Spatial Analysis

Last updated on 2025-12-05 | Edit this page

Estimated time: 101 minutes

Overview

Questions

What is PySAL and what can it do for spatial analysis?
How do we compute spatial weights and perform spatial autocorrelation?
How do we interpret results like Moran’s I?

Objectives

Understand the purpose of PySAL in spatial data science
Learn how to load spatial data using GeoPandas
Construct spatial weight matrices
Compute Global Moran’s I using PySAL
Visualize spatial clustering and spatial autocorrelation

Why is PySAL Important?

PySAL (Python Spatial Analysis Library) is one of the most widely used toolkits for working with spatial data in Python.
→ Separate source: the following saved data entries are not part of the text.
(* Consider the following algorithm. (1) Let $S_L$ be the welfare $W$ of the allocation obtained by ranking ads by the scores $b_i q_i$. (2) Let $S_H = \sum_{j=1}^s n_j b_{(j)} q_{(j)}$ for that same allocation. (3) Compute the allocations obtained by ranking ads by the scores $b_i q_i - \lambda q_i S$ for $S=S_L$ and for $S=S_H$. (4) If these two allocations coincide, output it. (5) Otherwise let $\hat S = \frac12(S_L+S_H)$ and compute the allocation obtained by ranking by scores $b_i q_i - \lambda q_i \hat S$. (6) Let $\phi(\hat S) = \sum_{j=1}^s n_j (b_{(j)} q_{(j)} - \lambda q_{(j)} \hat S)$ for this allocation; if $\phi(\hat S) < \hat S$ set $S_H=\hat S$, otherwise set $S_L=\hat S$. (7) Repeat steps (3)–(6) until the allocations in step (4) coincide, and output the resulting allocation. Then the allocation output by this algorithm is an efficiency-maximizing allocation, i.e., it maximizes $W$ over all allocations.
   Context: There are $s$ positions with quality scores $n_1 \ge \dots \ge n_s \ge 0$ and a set of advertisers, advertiser $i$ having quality score $q_i \ge 0$ and bid $b_i$. An allocation places distinct advertisers in positions $1,\dots,s$; write $q_{(j)}, b_{(j)}$ for the quality and bid of the ad in position $j$. Fix $\lambda>0$. The (expected social) welfare of an allocation is $W = \frac{\sum_{j=1}^s n_j b_{(j)} q_{(j)}}{1+\lambda\sum_{j=1}^s n_j q_{(j)}}$ (this corresponds to predicted click-through rates $p_j = \nu n_j q_{(j)}/(1+\lambda\sum_\ell n_\ell q_{(\ell)})$ with $\nu=1$). "Ranking ads by scores $x_i$" means sorting the advertisers in decreasing order of $x_i$ and placing the $j$-th in position $j$ for $j=1,\dots,s$. *)

theory Defs
  imports Main "HOL.Real"
begin

(* Advertisers form a finite set A; positions are 1..s with position qualities n j.
   An allocation is a map sigma from positions {1..s} to distinct advertisers in A. *)

definition is_allocation :: "'a set \<Rightarrow> nat \<Rightarrow> (nat \<Rightarrow> 'a) \<Rightarrow> bool" where
  "is_allocation A s \<sigma> \<longleftrightarrow> inj_on \<sigma> {1..s} \<and> \<sigma> ` {1..s} \<subseteq> A"

definition welfare ::
  "nat \<Rightarrow> (nat \<Rightarrow> real) \<Rightarrow> ('a \<Rightarrow> real) \<Rightarrow> ('a \<Rightarrow> real) \<Rightarrow> real \<Rightarrow> (nat \<Rightarrow> 'a) \<Rightarrow> real" where
  "welfare s n q b lam \<sigma> =
     (\<Sum>j\<in>{1..s}. n j * b (\<sigma> j) * q (\<sigma> j)) / (1 + lam * (\<Sum>j\<in>{1..s}. n j * q (\<sigma> j)))"

definition value_sum ::
  "nat \<Rightarrow> (nat \<Rightarrow> real) \<Rightarrow> ('a \<Rightarrow> real) \<Rightarrow> ('a \<Rightarrow> real) \<Rightarrow> (nat \<Rightarrow> 'a) \<Rightarrow> real" where
  "value_sum s n q b \<sigma> = (\<Sum>j\<in>{1..s}. n j * b (\<sigma> j) * q (\<sigma> j))"

(* sigma is an allocation obtained by ranking the advertisers by scores x:
   sorting them in decreasing order of x (ties broken arbitrarily) and placing
   the j-th one in position j, for j = 1..s. *)
definition is_ranking :: "'a set \<Rightarrow> nat \<Rightarrow> ('a \<Rightarrow> real) \<Rightarrow> (nat \<Rightarrow> 'a) \<Rightarrow> bool" where
  "is_ranking A s x \<sigma> \<longleftrightarrow> is_allocation A s \<sigma>
     \<and> (\<forall>j\<in>{1..s}. \<forall>k\<in>{1..s}. j < k \<longrightarrow> x (\<sigma> k) \<le> x (\<sigma> j))
     \<and> (\<forall>i\<in>A - \<sigma> ` {1..s}. \<forall>j\<in>{1..s}. x i \<le> x (\<sigma> j))"

definition adj_score :: "('a \<Rightarrow> real) \<Rightarrow> ('a \<Rightarrow> real) \<Rightarrow> real \<Rightarrow> real \<Rightarrow> 'a \<Rightarrow> real" where
  "adj_score q b lam S i = b i * q i - lam * q i * S"

definition phi_val ::
  "nat \<Rightarrow> (nat \<Rightarrow> real) \<Rightarrow> ('a \<Rightarrow> real) \<Rightarrow> ('a \<Rightarrow> real) \<Rightarrow> real \<Rightarrow> real \<Rightarrow> (nat \<Rightarrow> 'a) \<Rightarrow> real" where
  "phi_val s n q b lam S \<sigma> = (\<Sum>j\<in>{1..s}. n j * (b (\<sigma> j) * q (\<sigma> j) - lam * q (\<sigma> j) * S))"

(* SL SH out : starting the loop (steps 3-7) with current values
   SL, SH, some run of the algorithm terminates and outputs out.
   Ties in the rankings may be broken arbitrarily (every tie-breaking is allowed). *)
inductive bisect_loop for A s n q b lam where
  stop: "\<lbrakk> is_ranking A s (adj_score q b lam SL) \<sigma>L;
           is_ranking A s (adj_score q b lam SH) \<sigma>H;
           \<forall>j\<in>{1..s}. \<sigma>L j = \<sigma>H j \<rbrakk>
         \<Longrightarrow> bisect_loop A s n q b lam SL SH \<sigma>L"
| step: "\<lbrakk> is_ranking A s (adj_score q b lam SL) \<sigma>L;
           is_ranking A s (adj_score q b lam SH) \<sigma>H;
           \<not> (\<forall>j\<in>{1..s}. \<sigma>L j = \<sigma>H j);
           Sh = (SL + SH) / 2;
           is_ranking A s (adj_score q b lam Sh) \<tau>;
           if phi_val s n q b lam Sh \<tau> < Sh
             then bisect_loop A s n q b lam SL Sh out
             else bisect_loop A s n q b lam Sh SH out \<rbrakk>
         \<Longrightarrow> bisect_loop A s n q b lam SL SH out"

definition algorithm_output ::
  "'a set \<Rightarrow> nat \<Rightarrow> (nat \<Rightarrow> real) \<Rightarrow> ('a \<Rightarrow> real) \<Rightarrow> ('a \<Rightarrow> real) \<Rightarrow> real \<Rightarrow> (nat \<Rightarrow> 'a) \<Rightarrow> bool" where
  "algorithm_output A s n q b lam out \<longleftrightarrow>
     (\<exists>\<sigma>0. is_ranking A s (\<lambda>i. b i * q i) \<sigma>0
        \<and> bisect_loop A s n q b lam (welfare s n q b lam \<sigma>0) (value_sum s n q b \<sigma>0) out)"

end

theory Submission
  imports Defs
begin

text \<open>
  For an allocation \<open>\<pi>\<close> write \<open>V \<pi>\<close> for the value sum and \<open>Q \<pi> = \<Sum>j. n j * q (\<pi> j)\<close>,
  so that \<open>W \<pi> = V \<pi> / (1 + lam * Q \<pi>)\<close> and \<open>\<phi>\<^sub>\<pi>(S) = V \<pi> - lam * S * Q \<pi>\<close>.
  Then \<open>S \<le> W \<pi>\<close> iff \<open>S \<le> \<phi>\<^sub>\<pi>(S)\<close>, and by the rearrangement inequality ranking by the
  scores \<open>b i * q i - lam * q i * S\<close> maximises \<open>\<phi>\<^sub>\<pi>(S)\<close>. Hence the sign of \<open>\<phi>(S) - S\<close> for a
  ranked allocation tells whether the optimal welfare is at least \<open>S\<close>, so the bisection keeps
  the optimum in \<open>[S\<^sub>L, S\<^sub>H]\<close>; the initial interval is valid because \<open>W \<le> V\<close>.
  When the same allocation \<open>\<sigma>\<close> is ranked at both ends, \<open>\<phi>\<^sub>\<sigma> - \<phi>\<^sub>\<pi>\<close> is affine in \<open>S\<close> and
  non-negative at both ends, hence on the whole interval, which makes \<open>\<sigma>\<close> optimal.
\<close>

lemma antitone_weighted_sum_ge:
  fixes d n :: "nat \<Rightarrow> 'b::linordered_ring"
  assumes prefix: "\<forall>k\<in>{1..s}. 0 \<le> (\<Sum>j=1..k. d j)"
    and antitone: "\<forall>j\<in>{1..s}. \<forall>k\<in>{1..s}. j \<le> k \<longrightarrow> n k \<le> n j"
    and "m \<le> s"
  shows "n m * (\<Sum>j=1..m. d j) \<le> (\<Sum>j=1..m. n j * d j)"
  using \<open>m \<le> s\<close>
proof (induction m)
  case 0
  then show ?case by simp
next
  case (Suc m)
  have "n (Suc m) * (\<Sum>j=1..m. d j) \<le> n m * (\<Sum>j=1..m. d j)"
  proof (cases "m = 0")
    case False
    then have "0 \<le> (\<Sum>j=1..m. d j)" "n (Suc m) \<le> n m"
      using prefix antitone Suc.prems by auto
    then show ?thesis by (simp add: mult_right_mono)
  qed simp
  with Suc show ?case by (simp add: distrib_left)
qed

lemma antitone_weighted_sum_nonneg:
  fixes d n :: "nat \<Rightarrow> 'b::linordered_ring"
  assumes prefix: "\<forall>k\<in>{1..s}. 0 \<le> (\<Sum>j=1..k. d j)"
    and antitone: "\<forall>j\<in>{1..s}. \<forall>k\<in>{1..s}. j \<le> k \<longrightarrow> n k \<le> n j"
    and nonneg: "\<forall>j\<in>{1..s}. 0 \<le> n j"
  shows "0 \<le> (\<Sum>j=1..s. n j * d j)"
proof (cases "s = 0")
  case False
  then have "0 \<le> n s * (\<Sum>j=1..s. d j)" using prefix nonneg by auto
  also have "\<dots> \<le> (\<Sum>j=1..s. n j * d j)"
    using antitone_weighted_sum_ge[OF prefix antitone] by simp
  finally show ?thesis .
qed simp

lemma sum_le_sum_if_card_eq:
  fixes x :: "'a \<Rightarrow> 'b::ordered_comm_monoid_add"
  assumes "finite T" "finite U" "card T = card U"
    and le: "\<forall>t\<in>T - U. \<forall>u\<in>U - T. x t \<le> x u"
  shows "sum x T \<le> sum x U"
proof -
  have "card (T - U) = card (U - T)"
    using assms(1-3) by (metis Int_commute card_Diff_subset_Int finite_Int)
  then obtain f where f: "bij_betw f (T - U) (U - T)"
    using finite_same_card_bij assms(1,2) by blast
  have "sum x (T - U) \<le> sum (x \<circ> f) (T - U)"
    using le f by (intro sum_mono) (auto simp: bij_betw_def)
  also have "\<dots> = sum x (U - T)"
    using sum.reindex_bij_betw[OF f] by simp
  finally have "sum x (T \<inter> U) + sum x (T - U) \<le> sum x (T \<inter> U) + sum x (U - T)"
    by (rule add_left_mono)
  moreover have "sum x T = sum x (T \<inter> U) + sum x (T - U)"
    "sum x U = sum x (T \<inter> U) + sum x (U - T)"
    using sum.Int_Diff assms(1,2) by (metis Int_commute)+
  ultimately show ?thesis by simp
qed

lemma ranking_prefix_sum_ge:
  fixes x :: "'a \<Rightarrow> real"
  assumes rank: "is_ranking A s x \<sigma>" and alloc: "is_allocation A s \<pi>" and "k \<le> s"
  shows "(\<Sum>j=1..k. x (\<pi> j)) \<le> (\<Sum>j=1..k. x (\<sigma> j))"
proof -
  have "{1..k} \<subseteq> {1..s}" using \<open>k \<le> s\<close> by auto
  then have inj: "inj_on \<sigma> {1..k}" "inj_on \<pi> {1..k}" and \<pi>A: "\<pi> ` {1..k} \<subseteq> A"
    using rank alloc unfolding is_ranking_def is_allocation_def by (auto intro: inj_on_subset)
  have "sum x (\<pi> ` {1..k}) \<le> sum x (\<sigma> ` {1..k})"
  proof (rule sum_le_sum_if_card_eq)
    show "card (\<pi> ` {1..k}) = card (\<sigma> ` {1..k})"
      using card_image[OF inj(1)] card_image[OF inj(2)] by simp
    show "\<forall>t\<in>\<pi> ` {1..k} - \<sigma> ` {1..k}. \<forall>u\<in>\<sigma> ` {1..k} - \<pi> ` {1..k}. x t \<le> x u"
    proof (intro ballI)
      fix t u
      assume t: "t \<in> \<pi> ` {1..k} - \<sigma> ` {1..k}" and u: "u \<in> \<sigma> ` {1..k} - \<pi> ` {1..k}"
      then obtain j where j: "j \<in> {1..k}" "u = \<sigma> j" by auto
      show "x t \<le> x u"
      proof (cases "t \<in> \<sigma> ` {1..s}")
        case True
        then obtain m where m: "m \<in> {1..s}" "t = \<sigma> m" by auto
        with t have "k < m" by (metis DiffD2 atLeastAtMost_iff image_eqI not_le)
        with m show ?thesis using rank j \<open>k \<le> s\<close> unfolding is_ranking_def by auto
      next
        case False
        then show ?thesis using rank j t \<pi>A \<open>k \<le> s\<close> unfolding is_ranking_def by auto
      qed
    qed
  qed auto
  then show ?thesis by (simp only: sum.reindex[OF inj(1)] sum.reindex[OF inj(2)] comp_def)
qed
Unlike traditional statistical libraries, PySAL is designed specifically for datasets where location matters — where observations influence nearby observations, and spatial patterns may not be random.

Geographers, urban planners, environmental scientists, epidemiologists, and data analysts use PySAL to identify spatial relationships, detect clustering, and build models that incorporate proximity and geography.

What PySAL Helps Us Understand

Where events cluster or disperse across space
Whether high or low values form hotspots or coldspots
How neighborhoods influence one another (spatial dependency)
Spatial inequality patterns in income, population, crime, disease, etc.
Geographic diffusion (wildfire spread, disease transmission, migration flows)
Environmental change and land-use impacts

Why Researchers Use PySAL

Built for spatial statistics — tools that general libraries lack
Easy integration with GeoPandas, raster data, and shapefiles
Provides standard spatial methods such as:
- Spatial weights (Queen, Rook, KNN, Distance-based)
- Global & Local Moran’s I (LISA)
- Spatial clustering & hotspot detection
- Spatial regression models
Enables data-driven decision making in geography
Scales from local studies to large regional/global analyses
Helps test spatial hypotheses scientifically instead of visually

Spatial Analysis in Context

Spatial analysis answers questions like:

Question	PySAL Method
Do areas with high values cluster together?	Moran’s I
Where are hotspots located?	Local Moran / LISA maps
What counts as a neighbor?	Spatial weights matrices
Are patterns random or significant?	Monte Carlo permutation tests
How do variables influence each other across space?	Spatial regression

PySAL makes these methods accessible in Python, allowing analysts to move from maps to statistical evidence — revealing underlying spatial patterns that are not visible from visualization alone.

Introduction

PySAL is the Python Spatial Analysis Library — a powerful, open-source toolkit for working with spatial data. It provides tools for:

spatial weights
spatial autocorrelation
clustering
spatial regression
neighborhood analysis

This tutorial introduces the core PySAL workflow, closely following the structure used in your uploaded notebook.

We will cover:

Loading polygon or point data
Building spatial weights
Running Global Moran’s I
Visualizing results

This tutorial assumes basic familiarity with pandas, geopandas, and Python.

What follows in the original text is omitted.